lemma (in prob_space) char_sum_approx:
  fixes Z :: "'i \<Rightarrow> 'a \<Rightarrow> real" and \<sigma> \<rho> :: "'i \<Rightarrow> real"
  assumes indep: "indep_vars (\<lambda>_. borel) Z J"
    and int1: "\<And>k. k \<in> J \<Longrightarrow> integrable M (Z k)"
    and int2: "\<And>k. k \<in> J \<Longrightarrow> integrable M (\<lambda>\<omega>. (Z k \<omega>)^2)"
    and int3: "\<And>k. k \<in> J \<Longrightarrow> integrable M (\<lambda>\<omega>. \<bar>Z k \<omega>\<bar>^3)"
    and mean: "\<And>k. k \<in> J \<Longrightarrow> expectation (Z k) = 0"
    and var: "\<And>k. k \<in> J \<Longrightarrow> expectation (\<lambda>\<omega>. (Z k \<omega>)^2) = \<sigma> k"
    and third: "\<And>k. k \<in> J \<Longrightarrow> expectation (\<lambda>\<omega>. \<bar>Z k \<omega>\<bar>^3) \<le> \<rho> k"
  shows "cmod (char (distr M borel (\<lambda>\<omega>. \<Sum>k\<in>J. Z k \<omega>)) t - exp (- (t^2) * (\<Sum>k\<in>J. \<sigma> k) / 2))
     \<le> (\<Sum>k\<in>J. \<bar>t\<bar>^3 * \<rho> k / 6 + t^4 * (\<sigma> k)^2 / 8)"
proof -
  have "exp (- (t^2) * (\<Sum>k\<in>J. \<sigma> k) / 2) = (\<Prod>k\<in>J. exp (- (t^2) * \<sigma> k / 2))"
    by (cases "finite J") (simp_all add: exp_sum[symmetric] sum_distrib_left sum_divide_distrib)
  then have "char (distr M borel (\<lambda>\<omega>. \<Sum>k\<in>J. Z k \<omega>)) t - exp (- (t^2) * (\<Sum>k\<in>J. \<sigma> k) / 2)
      = (\<Prod>k\<in>J. char (distr M borel (Z k)) t) - (\<Prod>k\<in>J. complex_of_real (exp (- (t^2) * \<sigma> k / 2)))"
    by (simp add: char_distr_sum[OF indep])
  also have "cmod \<dots> \<le> (\<Sum>k\<in>J. cmod (char (distr M borel (Z k)) t - exp (- (t^2) * \<sigma> k / 2)))"
  proof (rule norm_prod_diff)
    fix k assume k: "k \<in> J"
    interpret Z: real_distribution "distr M borel (Z k)"
      using int1[OF k] by (intro real_distribution_distr) auto
    show "cmod (char (distr M borel (Z k)) t) \<le> 1" by (rule Z.cmod_char_le_1)
    show "cmod (complex_of_real (exp (- (t^2) * \<sigma> k / 2))) \<le> 1"
      using var[OF k, symmetric] by simp
  qed
  also have "\<dots> \<le> (\<Sum>k\<in>J. \<bar>t\<bar>^3 * \<rho> k / 6 + t^4 * (\<sigma> k)^2 / 8)"
    using int1 int2 int3 mean var third by (intro sum_mono char_approx_gaussian)
  finally show ?thesis .
qed

lemma (in prob_space) abs_cube_moment_le:
  fixes Y :: "'a \<Rightarrow> real"
  assumes Y: "Y \<in> borel_measurable M"
    and int2: "integrable M (\<lambda>\<omega>. (Y \<omega>)^2)" and int4: "integrable M (\<lambda>\<omega>. (Y \<omega>)^4)"
  shows "integrable M (\<lambda>\<omega>. \<bar>Y \<omega>\<bar>^3)"
    and "expectation (\<lambda>\<omega>. \<bar>Y \<omega>\<bar>^3) \<le> expectation (\<lambda>\<omega>. (Y \<omega>)^2) + expectation (\<lambda>\<omega>. (Y \<omega>)^4)"
proof -
  have "integrable M (\<lambda>\<omega>. (Y \<omega>)^2 + (Y \<omega>)^4)"
    using int2 int4 by simp
  then show int3: "integrable M (\<lambda>\<omega>. \<bar>Y \<omega>\<bar>^3)"
    by (rule Bochner_Integration.integrable_bound) (use Y abs_cube_le_square_plus_fourth in auto)
  have "expectation (\<lambda>\<omega>. \<bar>Y \<omega>\<bar>^3) \<le> expectation (\<lambda>\<omega>. (Y \<omega>)^2 + (Y \<omega>)^4)"
    by (intro integral_mono int3 Bochner_Integration.integrable_add int2 int4
        abs_cube_le_square_plus_fourth)
  then show "expectation (\<lambda>\<omega>. \<bar>Y \<omega>\<bar>^3) \<le> expectation (\<lambda>\<omega>. (Y \<omega>)^2) + expectation (\<lambda>\<omega>. (Y \<omega>)^4)"
    using int2 int4 by simp
qed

— PROBLEM DETAILS —
From the records given above, copy all lines containing "auto".

— THE COMPLETED TASK —
      using int1[OF k] by (intro real_distribution_distr) auto
    by (rule Bochner_Integration.integrable_bound) (use Y abs_cube_le_square_plus_fourth in auto)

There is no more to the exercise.